When someone doesn’t understand something, it doesn’t mean he is confused. And it doesn’t mean you repeat the same thing over and over. Or try to pass it off as something that she won’t understand. It means that you have to use different wording to get your message across. And the wording should be in a way an average person would know.

Sometimes it’s difficult to switch from “speaking medical” to “speaking with patients”. But I feel that a fine balance between the two is essential to being a great nurse.

Write down the list of Qs you have for the MD

Last night, I had a patient who had several questions that I couldn’t answer and the house PA couldn’t answer. I asked her to write down her questions so that she was ready to address everything and so that she wouldn’t forget.

Her doctor came just as I was about to leave, and she thanked me for having that suggestion.

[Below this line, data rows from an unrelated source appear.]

lemma dyadic_annulus_exists:
  fixes \<rho> :: real
  assumes "0 \<le> \<rho>" "\<rho> < 1"
  shows "\<exists>n. 1 - 1 / 2 ^ n \<le> \<rho> \<and> \<rho> < 1 - 1 / 2 ^ (n + 1)"
proof -
  have ex: "\<exists>n. \<rho> < 1 - 1 / 2 ^ (n + 1)"
  proof -
    obtain n where "(1 / 2 :: real) ^ n < 1 - \<rho>"
      using real_arch_pow_inv[of "1 - \<rho>" "1 / 2"] assms(2) by auto
    moreover have "1 / 2 ^ (n + 1) \<le> (1 / 2 :: real) ^ n"
      by (simp add: power_one_over divide_le_eq)
    ultimately show ?thesis by (intro exI[of _ n]) linarith
  qed
  define n where "n = (LEAST n. \<rho> < 1 - 1 / 2 ^ (n + 1))"
  have "\<rho> < 1 - 1 / 2 ^ (n + 1)" unfolding n_def by (rule LeastI_ex[OF ex])
  moreover have "1 - 1 / 2 ^ n \<le> \<rho>"
  proof (cases n)
    case (Suc k)
    then have "\<not> \<rho> < 1 - 1 / 2 ^ (k + 1)" unfolding n_def by (intro not_less_Least) simp
    then show ?thesis using Suc by simp
  qed (use assms in simp)
  ultimately show ?thesis by blast
qed

lemma HL_box_disjoint:
  assumes "z \<in> HL_box n j" "z \<in> HL_box n' j'" "j < 2 ^ n" "j' < 2 ^ n'"
  shows "n = n' \<and> j = j'"
  using assms dyadic_annulus_unique[of n "norm z" n'] in_arc_unique[of n j "Arg z" j']
  by (auto simp: mem_HL_box)

lemma HL_box_cover:
  assumes "norm z < 1"
  shows "\<exists>n j. j < 2 ^ n \<and> z \<in> HL_box n j"
  using dyadic_annulus_exists[OF norm_ge_zero assms] in_arc_exists by (meson mem_HL_box)

lemma HL_box_subset_unit_disc: "HL_box n j \<subseteq> unit_disc"
proof
  fix z assume "z \<in> HL_box n j"
  then have "norm z < 1 - 1 / 2 ^ (n + 1)" by (simp add: mem_HL_box)
  moreover have "0 < 1 / (2::real) ^ (n + 1)" by simp
  ultimately have "norm z < 1" by linarith
  then show "z \<in> unit_disc" by (simp add: unit_disc_def)
qed

lemma iexp_add_2pi: "iexp (x + 2 * pi * of_int m) = iexp x"
proof -
  have "iexp (x + 2 * pi * of_int m) = exp (\<i> * of_real x + \<i> * (of_int m * (of_real pi * 2)))"
    by (simp add: algebra_simps)
  also have "\<dots> = iexp x" by (rule exp_plus_2pin)
  finally show ?thesis .
qed

lemma iexp_eq_iexp_imp: "iexp a = iexp b \<Longrightarrow> \<exists>m::int. a = b + 2 * pi * m"
proof -
  assume "iexp a = iexp b"
  then obtain n :: int where "\<i> * of_real a = \<i> * of_real b + of_real (real_of_int (2 * n) * pi) * \<i>"
    unfolding exp_eq by blast
  then have "Im (\<i> * of_real a) = Im (\<i> * of_real b + of_real (real_of_int (2 * n) * pi) * \<i>)"
    by simp
  then have "a = b + 2 * pi * n" by simp
  then show ?thesis by blast
qed

lemma Arg_iexp_mult:
  assumes "w \<noteq> 0"
  obtains m :: int where "Arg (iexp \<phi> * w) = \<phi> + Arg w + 2 * pi * m"
proof -
  have "of_real (norm w) * iexp (Arg (iexp \<phi> * w)) = iexp \<phi> * w"
    using Arg_eq[of "iexp \<phi> * w"] assms by (simp add: norm_mult)
  also have "\<dots> = of_real (norm w) * iexp (\<phi> + Arg w)"
    using Arg_eq[of w] assms by (simp add: exp_add algebra_simps)
  finally have "iexp (Arg (iexp \<phi> * w)) = iexp (\<phi> + Arg w)" using assms by simp
  with iexp_eq_iexp_imp that show ?thesis by (metis add.assoc)
qed

lemma in_arc_add_2pi: "in_arc n j (\<theta> + 2 * pi * m) \<longleftrightarrow> in_arc n j \<theta>" for m :: int
proof
  assume "in_arc n j (\<theta> + 2 * pi * m)"
  then obtain k :: int where "(2 * real j - 1) * pi / 2 ^ n \<le> \<theta> + 2 * pi * (m + k) \<and>
      \<theta> + 2 * pi * (m + k) < (2 * real j + 1) * pi / 2 ^ n"
    by (auto simp: in_arc_def algebra_simps)
  then show "in_arc n j \<theta>" unfolding in_arc_def by blast
next
  assume "in_arc n j \<theta>"
  then obtain k :: int where "(2 * real j - 1) * pi / 2 ^ n \<le> (\<theta> + 2 * pi * m) + 2 * pi * (k - m) \<and>
      (\<theta> + 2 * pi * m) + 2 * pi * (k - m) < (2 * real j + 1) * pi / 2 ^ n"
    by (auto simp: in_arc_def algebra_simps)
  then show "in_arc n j (\<theta> + 2 * pi * m)" unfolding in_arc_def by blast
qed

definition HL_center :: "nat \<Rightarrow> nat \<Rightarrow> complex" where
  "HL_center n j = iexp (2 * pi * real j / 2 ^ n)"

lemma norm_HL_center [simp]: "norm (HL_center n j) = 1"
  by (simp add: HL_center_def norm_exp_eq_Re)

lemma HL_box_subset_carleson_window:
  assumes "1 \<le> n"
  shows "HL_box n j \<subseteq> carleson_window (HL_center n j) (1 / 2 ^ n)"
proof
  fix z assume z: "z \<in> HL_box n j"
  define t :: real where "t = 1 / 2 ^ n"
  define \<phi> where "\<phi> = 2 * pi * real j / 2 ^ n"
  obtain m :: int where m: "(2 * real j - 1) * pi / 2 ^ n \<le> Arg z + 2 * pi * m"
    "Arg z + 2 * pi * m < (2 * real j + 1) * pi / 2 ^ n"
    using z by (auto simp: mem_HL_box in_arc_def)
  have "(2::real) \<le> 2 ^ n" using assms by (metis power_one_right power_increasing one_le_numeral)
  then have t2: "t \<le> 1 / 2" by (simp add: t_def field_simps)
  have r: "1 - t \<le> norm z" "norm z < 1" using z t2 by (auto simp: mem_HL_box t_def)
  have z0: "z \<noteq> 0" using r t2 by auto
  define \<psi> where "\<psi> = - \<phi> + Arg z + 2 * pi * m"
  have "(2 * real j - 1) * pi / 2 ^ n = \<phi> - pi * t" "(2 * real j + 1) * pi / 2 ^ n = \<phi> + pi * t"
    by (simp_all add: \<phi>_def t_def field_simps)
  with m have \<psi>: "- (pi * t) \<le> \<psi>" "\<psi> < pi * t"
    unfolding \<psi>_def by linarith+
  have "pi * t \<le> pi / 2" using t2 by (simp add: field_simps)
  with \<psi> have \<psi>_range: "- pi < \<psi>" "\<psi> \<le> pi" using pi_gt_zero by linarith+
  have "z * cnj (HL_center n j) = of_real (norm z) * iexp (Arg z) * iexp (- \<phi>)"
    using Arg_eq[OF z0] by (simp add: HL_center_def \<phi>_def exp_cnj)
  also have "\<dots> = of_real (norm z) * iexp (- \<phi> + Arg z + 2 * pi * m)"
    unfolding iexp_add_2pi by (simp add: exp_add[symmetric] algebra_simps)
  finally have "z * cnj (HL_center n j) = of_real (norm z) * iexp \<psi>" by (simp add: \<psi>_def)
  then have "Arg (z * cnj (HL_center n j)) = \<psi>"
    using z0 \<psi>_range by (intro Arg_unique[of "norm z"]) simp_all
  then show "z \<in> carleson_window (HL_center n j) (1 / 2 ^ n)"
    using r \<psi> by (auto simp: carleson_window_def t_def)
qed

text \<open>Rotated copies of this rectangle of area \<open>t\<^sup>2\<close> fit inside the boxes of level \<open>n\<close> when
  \<open>t = 2\<^sup>-\<^sup>n\<close>.\<close>
definition HL_rect :: "real \<Rightarrow> complex set" where
  "HL_rect t = cbox (Complex (1 - t) (- (3 / 2 * t))) (Complex (1 - 2 / 3 * t) (3 / 2 * t))"

lemma HL_rect_borel [measurable]: "HL_rect t \<in> sets borel"
  by (simp add: HL_rect_def)

lemma emeasure_HL_rect: "0 \<le> t \<Longrightarrow> emeasure lborel (HL_rect t) = ennreal (t\<^sup>2)"
  by (simp add: HL_rect_def emeasure_lborel_cbox_eq Basis_complex_def inner_complex_def
      power2_eq_square field_simps)

lemma HL_rect_bounds:
  assumes t: "0 < t" "t \<le> 1 / 8" and w: "w \<in> HL_rect t"
  shows "1 - t \<le> norm w" "norm w < 1 - t / 2" "\<bar>Arg w\<bar> < pi * t"
proof -
  from w have x: "1 - t \<le> Re w" "Re w \<le> 1 - 2 / 3 * t" and y: "\<bar>Im w\<bar> \<le> 3 / 2 * t"
    by (auto simp: HL_rect_def in_cbox_complex_iff)
  have x0: "0 < Re w" using x t by linarith
  show "1 - t \<le> norm w" using x abs_Re_le_cmod[of w] by linarith
  have "(Im w)\<^sup>2 \<le> (3 / 2 * t)\<^sup>2"
    using y t by (simp add: abs_le_square_iff[symmetric])
  moreover have "(Re w)\<^sup>2 \<le> (1 - 2 / 3 * t)\<^sup>2"
    using x x0 by (intro power_mono) auto
  ultimately have "(norm w)\<^sup>2 \<le> (1 - 2 / 3 * t)\<^sup>2 + (3 / 2 * t)\<^sup>2"
    unfolding cmod_power2 by linarith
  also have "\<dots> < (1 - t / 2)\<^sup>2"
    using t by (simp add: power2_eq_square algebra_simps)
  finally show "norm w < 1 - t / 2"
    by (rule power_less_imp_less_base) (use t in auto)
  have "\<bar>Im w / Re w\<bar> = \<bar>Im w\<bar> / Re w" using x0 by (simp add: abs_div)
  also have "\<dots> \<le> (3 / 2 * t) / (1 - t)"
    by (rule frac_le) (use x y t in auto)
  also have "\<dots> \<le> (3 / 2 * t) / (7 / 8)"
    using t by (intro divide_left_mono) auto
  also have "\<dots> < pi * t" using pi_gt3 t by (simp add: field_simps)
  finally show "\<bar>Arg w\<bar> < pi * t"
    using arg_conv_arctan[OF x0] abs_arctan_le[of "Im w / Re w"] by simp
qed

As for pain, it’s best to stay on top of the pain and not let it get out of control. Sometimes it’s better to go with something stronger. And narcotics aren’t addictive if you take it for pain at the hospital. It just becomes addictive if you start taking it all the time.


My second night alone went well. Had my first direct admission. Thankfully, he had all of his medications with him and his previous medication list was given by another hospital. That helped! Then I had two more transfers. The charge nurse spread them apart so that made it so much easier to handle. And they already received their night time medications so I only had to assess them (and of course write a note). I have to be so thankful for the PCA and CCP for helping!

The nurse educator was also helpful! It was another set of hands and eyes for me because I know that the charge nurse also had a lot on her plate with admissions!


What I’ll take away from tonight: Always try to help the others when I’m free. Ask questions and ask for help when I don’t know something.